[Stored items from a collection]

···

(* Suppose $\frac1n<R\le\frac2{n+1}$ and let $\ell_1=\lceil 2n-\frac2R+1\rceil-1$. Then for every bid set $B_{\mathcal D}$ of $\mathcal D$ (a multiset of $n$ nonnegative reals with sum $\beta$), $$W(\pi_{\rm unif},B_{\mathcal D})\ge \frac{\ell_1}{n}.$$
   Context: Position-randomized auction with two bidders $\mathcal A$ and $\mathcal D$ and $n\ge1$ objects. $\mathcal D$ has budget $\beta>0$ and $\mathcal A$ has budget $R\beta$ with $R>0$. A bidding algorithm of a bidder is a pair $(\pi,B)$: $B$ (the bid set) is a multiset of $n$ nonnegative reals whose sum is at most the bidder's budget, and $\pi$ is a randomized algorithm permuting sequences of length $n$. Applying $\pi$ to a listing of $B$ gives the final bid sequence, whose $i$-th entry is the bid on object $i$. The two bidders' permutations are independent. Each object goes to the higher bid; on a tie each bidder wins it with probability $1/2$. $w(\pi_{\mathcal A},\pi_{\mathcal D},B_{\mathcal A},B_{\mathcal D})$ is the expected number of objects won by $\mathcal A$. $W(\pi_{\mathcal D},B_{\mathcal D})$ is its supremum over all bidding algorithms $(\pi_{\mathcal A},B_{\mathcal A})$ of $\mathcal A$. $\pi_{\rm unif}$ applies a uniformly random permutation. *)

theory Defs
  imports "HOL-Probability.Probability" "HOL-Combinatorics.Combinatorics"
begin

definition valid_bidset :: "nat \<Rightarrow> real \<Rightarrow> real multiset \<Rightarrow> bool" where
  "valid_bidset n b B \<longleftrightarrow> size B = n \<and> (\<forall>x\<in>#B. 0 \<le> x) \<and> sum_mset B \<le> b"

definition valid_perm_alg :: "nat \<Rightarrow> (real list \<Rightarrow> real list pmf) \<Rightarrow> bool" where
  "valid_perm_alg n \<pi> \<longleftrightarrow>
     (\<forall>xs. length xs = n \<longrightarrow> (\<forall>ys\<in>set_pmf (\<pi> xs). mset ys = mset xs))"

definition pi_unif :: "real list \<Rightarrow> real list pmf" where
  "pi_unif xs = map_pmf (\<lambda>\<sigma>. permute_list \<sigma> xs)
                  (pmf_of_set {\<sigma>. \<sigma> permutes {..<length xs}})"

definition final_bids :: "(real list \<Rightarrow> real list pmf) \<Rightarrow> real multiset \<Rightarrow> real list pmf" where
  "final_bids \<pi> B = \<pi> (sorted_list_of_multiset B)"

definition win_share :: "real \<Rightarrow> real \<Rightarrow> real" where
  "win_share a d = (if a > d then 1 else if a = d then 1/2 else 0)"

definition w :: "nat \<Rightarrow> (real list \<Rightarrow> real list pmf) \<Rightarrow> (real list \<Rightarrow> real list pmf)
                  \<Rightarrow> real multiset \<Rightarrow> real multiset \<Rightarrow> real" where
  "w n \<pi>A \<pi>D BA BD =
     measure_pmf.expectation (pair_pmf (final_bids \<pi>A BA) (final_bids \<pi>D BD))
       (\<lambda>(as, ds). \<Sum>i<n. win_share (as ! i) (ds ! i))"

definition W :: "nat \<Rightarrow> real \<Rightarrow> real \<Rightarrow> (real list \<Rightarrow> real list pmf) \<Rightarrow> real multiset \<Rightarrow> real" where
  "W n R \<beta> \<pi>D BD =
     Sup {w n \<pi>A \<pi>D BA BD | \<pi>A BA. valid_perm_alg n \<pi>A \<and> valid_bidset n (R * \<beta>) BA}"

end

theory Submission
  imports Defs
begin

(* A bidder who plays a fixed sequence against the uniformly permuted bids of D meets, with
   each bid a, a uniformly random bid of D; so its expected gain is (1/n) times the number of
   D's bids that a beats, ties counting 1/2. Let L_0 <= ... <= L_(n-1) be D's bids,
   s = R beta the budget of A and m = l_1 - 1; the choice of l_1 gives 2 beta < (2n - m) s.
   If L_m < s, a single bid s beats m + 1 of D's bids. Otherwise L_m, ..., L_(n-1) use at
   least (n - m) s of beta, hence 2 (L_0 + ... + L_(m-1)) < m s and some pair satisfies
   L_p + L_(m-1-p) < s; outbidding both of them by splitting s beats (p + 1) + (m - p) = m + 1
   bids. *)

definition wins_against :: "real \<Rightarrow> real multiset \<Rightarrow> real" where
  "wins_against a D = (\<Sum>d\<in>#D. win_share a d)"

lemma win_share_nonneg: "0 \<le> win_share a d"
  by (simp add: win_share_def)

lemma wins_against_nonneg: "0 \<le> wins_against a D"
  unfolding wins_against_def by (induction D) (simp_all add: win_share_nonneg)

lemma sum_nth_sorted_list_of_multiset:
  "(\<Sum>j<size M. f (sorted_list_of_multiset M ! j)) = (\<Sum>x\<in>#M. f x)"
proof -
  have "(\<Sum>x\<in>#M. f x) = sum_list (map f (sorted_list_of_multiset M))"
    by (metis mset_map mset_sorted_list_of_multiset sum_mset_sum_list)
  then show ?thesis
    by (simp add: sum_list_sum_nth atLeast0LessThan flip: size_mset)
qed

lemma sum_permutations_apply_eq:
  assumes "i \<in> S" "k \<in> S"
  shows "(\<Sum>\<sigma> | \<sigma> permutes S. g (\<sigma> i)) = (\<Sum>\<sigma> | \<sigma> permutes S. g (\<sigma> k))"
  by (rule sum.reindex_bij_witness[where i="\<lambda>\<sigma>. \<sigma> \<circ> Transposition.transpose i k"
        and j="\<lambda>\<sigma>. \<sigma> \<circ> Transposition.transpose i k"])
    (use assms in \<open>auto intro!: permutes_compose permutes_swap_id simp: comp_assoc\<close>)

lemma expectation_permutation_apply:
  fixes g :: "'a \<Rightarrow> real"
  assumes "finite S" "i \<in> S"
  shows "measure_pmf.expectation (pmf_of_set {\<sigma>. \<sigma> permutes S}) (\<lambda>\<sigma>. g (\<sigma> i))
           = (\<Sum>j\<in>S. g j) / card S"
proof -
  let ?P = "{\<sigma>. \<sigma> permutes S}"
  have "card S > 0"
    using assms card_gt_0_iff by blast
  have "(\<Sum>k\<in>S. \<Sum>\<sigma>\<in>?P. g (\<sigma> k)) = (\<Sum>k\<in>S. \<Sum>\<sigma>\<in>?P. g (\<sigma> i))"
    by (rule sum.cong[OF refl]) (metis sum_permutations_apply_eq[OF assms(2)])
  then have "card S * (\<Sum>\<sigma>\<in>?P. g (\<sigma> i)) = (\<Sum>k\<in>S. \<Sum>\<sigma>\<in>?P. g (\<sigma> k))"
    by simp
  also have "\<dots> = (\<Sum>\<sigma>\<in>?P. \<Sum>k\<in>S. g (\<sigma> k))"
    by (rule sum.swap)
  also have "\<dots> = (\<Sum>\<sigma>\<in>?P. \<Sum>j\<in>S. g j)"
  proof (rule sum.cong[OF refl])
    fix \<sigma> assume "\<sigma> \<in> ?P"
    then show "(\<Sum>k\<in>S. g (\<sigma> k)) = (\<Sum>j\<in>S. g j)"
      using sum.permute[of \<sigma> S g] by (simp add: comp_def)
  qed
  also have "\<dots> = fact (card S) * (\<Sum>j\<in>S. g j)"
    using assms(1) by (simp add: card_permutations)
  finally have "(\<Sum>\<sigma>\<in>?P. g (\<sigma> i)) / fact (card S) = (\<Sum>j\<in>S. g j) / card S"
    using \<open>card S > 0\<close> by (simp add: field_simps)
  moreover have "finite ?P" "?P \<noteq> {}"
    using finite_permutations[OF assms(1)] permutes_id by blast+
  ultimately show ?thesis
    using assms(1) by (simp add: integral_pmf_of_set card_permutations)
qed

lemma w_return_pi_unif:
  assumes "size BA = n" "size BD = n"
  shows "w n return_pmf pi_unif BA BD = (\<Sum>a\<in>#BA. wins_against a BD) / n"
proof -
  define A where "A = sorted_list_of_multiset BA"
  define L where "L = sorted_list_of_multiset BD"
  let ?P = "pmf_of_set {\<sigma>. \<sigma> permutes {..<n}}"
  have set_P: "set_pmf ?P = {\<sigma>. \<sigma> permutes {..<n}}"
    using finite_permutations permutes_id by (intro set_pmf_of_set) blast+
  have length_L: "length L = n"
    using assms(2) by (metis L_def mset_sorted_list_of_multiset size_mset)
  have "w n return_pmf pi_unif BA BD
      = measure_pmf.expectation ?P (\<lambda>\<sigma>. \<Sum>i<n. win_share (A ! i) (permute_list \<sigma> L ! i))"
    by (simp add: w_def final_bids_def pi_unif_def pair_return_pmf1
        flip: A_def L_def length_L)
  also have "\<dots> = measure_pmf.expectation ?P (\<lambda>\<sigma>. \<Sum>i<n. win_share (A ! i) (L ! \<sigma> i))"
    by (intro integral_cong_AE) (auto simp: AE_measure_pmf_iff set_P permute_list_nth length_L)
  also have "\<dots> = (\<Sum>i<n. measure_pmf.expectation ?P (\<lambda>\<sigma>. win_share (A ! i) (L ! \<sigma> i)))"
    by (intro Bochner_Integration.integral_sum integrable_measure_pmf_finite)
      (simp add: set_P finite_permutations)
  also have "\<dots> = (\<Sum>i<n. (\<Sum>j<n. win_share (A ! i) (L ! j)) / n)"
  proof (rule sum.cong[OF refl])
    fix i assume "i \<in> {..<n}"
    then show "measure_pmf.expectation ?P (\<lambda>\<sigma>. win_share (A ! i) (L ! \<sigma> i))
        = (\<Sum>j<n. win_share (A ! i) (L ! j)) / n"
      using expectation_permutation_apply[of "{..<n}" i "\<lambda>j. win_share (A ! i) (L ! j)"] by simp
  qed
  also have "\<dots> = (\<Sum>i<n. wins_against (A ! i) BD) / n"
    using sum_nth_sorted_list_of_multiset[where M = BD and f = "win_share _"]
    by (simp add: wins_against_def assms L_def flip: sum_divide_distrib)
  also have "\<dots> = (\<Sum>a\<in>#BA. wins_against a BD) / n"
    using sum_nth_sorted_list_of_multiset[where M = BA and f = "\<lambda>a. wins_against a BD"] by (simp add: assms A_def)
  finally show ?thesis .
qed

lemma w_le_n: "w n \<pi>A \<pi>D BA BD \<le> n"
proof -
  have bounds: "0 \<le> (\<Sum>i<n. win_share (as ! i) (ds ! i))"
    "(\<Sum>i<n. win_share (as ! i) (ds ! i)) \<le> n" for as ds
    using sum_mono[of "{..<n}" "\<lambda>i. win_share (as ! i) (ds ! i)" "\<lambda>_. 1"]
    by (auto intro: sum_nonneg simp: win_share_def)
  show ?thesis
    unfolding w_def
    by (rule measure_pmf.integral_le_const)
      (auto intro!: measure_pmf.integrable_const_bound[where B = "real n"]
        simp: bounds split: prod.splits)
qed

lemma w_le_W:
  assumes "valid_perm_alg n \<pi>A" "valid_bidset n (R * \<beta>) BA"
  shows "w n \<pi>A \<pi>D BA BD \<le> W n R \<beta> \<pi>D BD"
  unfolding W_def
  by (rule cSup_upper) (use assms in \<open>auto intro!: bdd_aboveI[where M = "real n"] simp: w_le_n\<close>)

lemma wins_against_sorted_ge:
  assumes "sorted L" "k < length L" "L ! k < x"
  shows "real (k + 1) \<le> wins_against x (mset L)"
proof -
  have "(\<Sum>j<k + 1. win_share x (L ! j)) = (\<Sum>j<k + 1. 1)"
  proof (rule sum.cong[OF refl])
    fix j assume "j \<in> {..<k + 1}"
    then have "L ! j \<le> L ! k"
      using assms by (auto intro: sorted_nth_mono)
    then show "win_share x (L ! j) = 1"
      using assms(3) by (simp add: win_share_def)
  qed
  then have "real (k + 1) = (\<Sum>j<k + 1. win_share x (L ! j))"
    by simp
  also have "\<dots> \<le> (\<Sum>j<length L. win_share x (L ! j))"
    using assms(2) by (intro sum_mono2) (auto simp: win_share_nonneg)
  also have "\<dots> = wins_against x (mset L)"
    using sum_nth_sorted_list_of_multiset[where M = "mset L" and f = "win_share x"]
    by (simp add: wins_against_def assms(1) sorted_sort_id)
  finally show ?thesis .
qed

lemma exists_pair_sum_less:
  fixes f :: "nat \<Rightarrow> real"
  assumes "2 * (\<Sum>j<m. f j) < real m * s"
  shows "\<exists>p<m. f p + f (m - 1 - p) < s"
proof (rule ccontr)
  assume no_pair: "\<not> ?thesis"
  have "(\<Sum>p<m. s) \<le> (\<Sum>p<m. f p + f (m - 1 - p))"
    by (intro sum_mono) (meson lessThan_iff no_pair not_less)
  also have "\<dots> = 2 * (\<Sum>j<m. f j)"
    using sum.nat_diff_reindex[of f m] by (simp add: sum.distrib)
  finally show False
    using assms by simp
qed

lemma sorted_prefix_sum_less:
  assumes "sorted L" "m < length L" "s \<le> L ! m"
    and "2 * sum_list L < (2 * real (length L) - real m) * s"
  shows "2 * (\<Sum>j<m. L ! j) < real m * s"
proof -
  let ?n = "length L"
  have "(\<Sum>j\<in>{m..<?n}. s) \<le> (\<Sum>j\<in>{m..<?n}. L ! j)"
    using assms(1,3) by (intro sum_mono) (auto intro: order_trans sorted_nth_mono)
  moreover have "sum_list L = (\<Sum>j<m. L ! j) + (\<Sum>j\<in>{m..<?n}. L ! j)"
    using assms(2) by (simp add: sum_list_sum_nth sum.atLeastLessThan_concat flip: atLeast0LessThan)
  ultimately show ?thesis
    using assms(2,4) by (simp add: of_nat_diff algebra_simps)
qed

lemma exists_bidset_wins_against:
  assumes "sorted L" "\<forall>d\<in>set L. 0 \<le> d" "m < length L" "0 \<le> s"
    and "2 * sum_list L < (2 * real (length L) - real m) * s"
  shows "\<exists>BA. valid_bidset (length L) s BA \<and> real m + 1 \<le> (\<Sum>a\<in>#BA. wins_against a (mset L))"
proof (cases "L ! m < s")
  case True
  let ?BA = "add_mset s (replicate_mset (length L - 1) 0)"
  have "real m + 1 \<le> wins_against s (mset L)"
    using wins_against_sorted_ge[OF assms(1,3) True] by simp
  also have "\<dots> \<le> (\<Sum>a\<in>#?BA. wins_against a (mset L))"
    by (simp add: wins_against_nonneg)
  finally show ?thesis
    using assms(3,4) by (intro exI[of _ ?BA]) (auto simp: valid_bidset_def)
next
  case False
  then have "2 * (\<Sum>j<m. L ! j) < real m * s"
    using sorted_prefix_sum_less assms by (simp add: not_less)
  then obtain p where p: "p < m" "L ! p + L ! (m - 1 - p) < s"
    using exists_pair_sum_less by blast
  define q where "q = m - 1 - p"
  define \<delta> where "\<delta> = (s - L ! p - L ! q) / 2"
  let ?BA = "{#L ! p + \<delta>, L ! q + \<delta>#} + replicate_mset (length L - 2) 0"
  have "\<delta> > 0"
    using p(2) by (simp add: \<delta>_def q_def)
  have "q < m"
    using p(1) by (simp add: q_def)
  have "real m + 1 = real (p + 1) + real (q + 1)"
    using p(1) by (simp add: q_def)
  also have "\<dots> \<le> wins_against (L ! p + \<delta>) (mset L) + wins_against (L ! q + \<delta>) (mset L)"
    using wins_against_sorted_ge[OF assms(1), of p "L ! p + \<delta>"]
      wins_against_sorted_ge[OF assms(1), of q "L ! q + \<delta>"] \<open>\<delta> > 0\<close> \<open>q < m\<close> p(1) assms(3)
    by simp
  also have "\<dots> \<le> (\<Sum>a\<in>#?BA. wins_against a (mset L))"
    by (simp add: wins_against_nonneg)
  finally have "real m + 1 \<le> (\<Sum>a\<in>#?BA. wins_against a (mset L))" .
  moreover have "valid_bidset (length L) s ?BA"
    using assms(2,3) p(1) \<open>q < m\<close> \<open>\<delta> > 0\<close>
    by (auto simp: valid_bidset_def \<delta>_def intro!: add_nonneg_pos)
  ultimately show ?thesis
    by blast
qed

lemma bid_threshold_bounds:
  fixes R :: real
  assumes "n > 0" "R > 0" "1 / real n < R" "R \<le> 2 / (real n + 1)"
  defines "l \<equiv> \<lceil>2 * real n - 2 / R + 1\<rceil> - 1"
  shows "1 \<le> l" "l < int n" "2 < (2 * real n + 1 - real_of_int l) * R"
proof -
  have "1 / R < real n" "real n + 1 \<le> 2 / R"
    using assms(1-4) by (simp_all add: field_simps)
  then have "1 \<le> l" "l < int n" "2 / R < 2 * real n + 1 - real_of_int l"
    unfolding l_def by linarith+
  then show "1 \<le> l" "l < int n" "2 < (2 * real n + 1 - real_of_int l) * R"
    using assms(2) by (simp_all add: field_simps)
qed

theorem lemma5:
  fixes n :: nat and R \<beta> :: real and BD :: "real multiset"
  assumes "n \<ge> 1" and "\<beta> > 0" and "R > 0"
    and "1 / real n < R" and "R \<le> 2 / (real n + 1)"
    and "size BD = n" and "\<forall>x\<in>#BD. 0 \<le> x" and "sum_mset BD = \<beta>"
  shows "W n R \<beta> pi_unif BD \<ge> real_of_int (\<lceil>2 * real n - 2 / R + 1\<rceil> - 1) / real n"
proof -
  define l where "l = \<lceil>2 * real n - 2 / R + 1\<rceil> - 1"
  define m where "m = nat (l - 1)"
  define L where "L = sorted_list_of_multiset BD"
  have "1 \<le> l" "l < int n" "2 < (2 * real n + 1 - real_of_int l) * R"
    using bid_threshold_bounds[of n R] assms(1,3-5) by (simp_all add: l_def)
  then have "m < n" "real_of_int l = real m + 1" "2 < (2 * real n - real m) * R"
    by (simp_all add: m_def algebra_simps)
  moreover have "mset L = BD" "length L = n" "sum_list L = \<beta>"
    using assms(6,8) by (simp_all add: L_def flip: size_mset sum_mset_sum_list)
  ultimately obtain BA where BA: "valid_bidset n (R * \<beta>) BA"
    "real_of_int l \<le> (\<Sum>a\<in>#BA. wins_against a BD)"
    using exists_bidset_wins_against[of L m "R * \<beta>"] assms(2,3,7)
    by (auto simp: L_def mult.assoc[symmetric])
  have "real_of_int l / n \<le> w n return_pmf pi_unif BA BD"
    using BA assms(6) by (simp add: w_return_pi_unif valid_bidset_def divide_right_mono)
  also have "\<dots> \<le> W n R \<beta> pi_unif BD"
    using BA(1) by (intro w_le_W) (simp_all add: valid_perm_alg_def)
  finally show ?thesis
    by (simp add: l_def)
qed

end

···

> Exercise brief
State how many lines of the records above contain "auto", with no words besides the number.

> Answer
11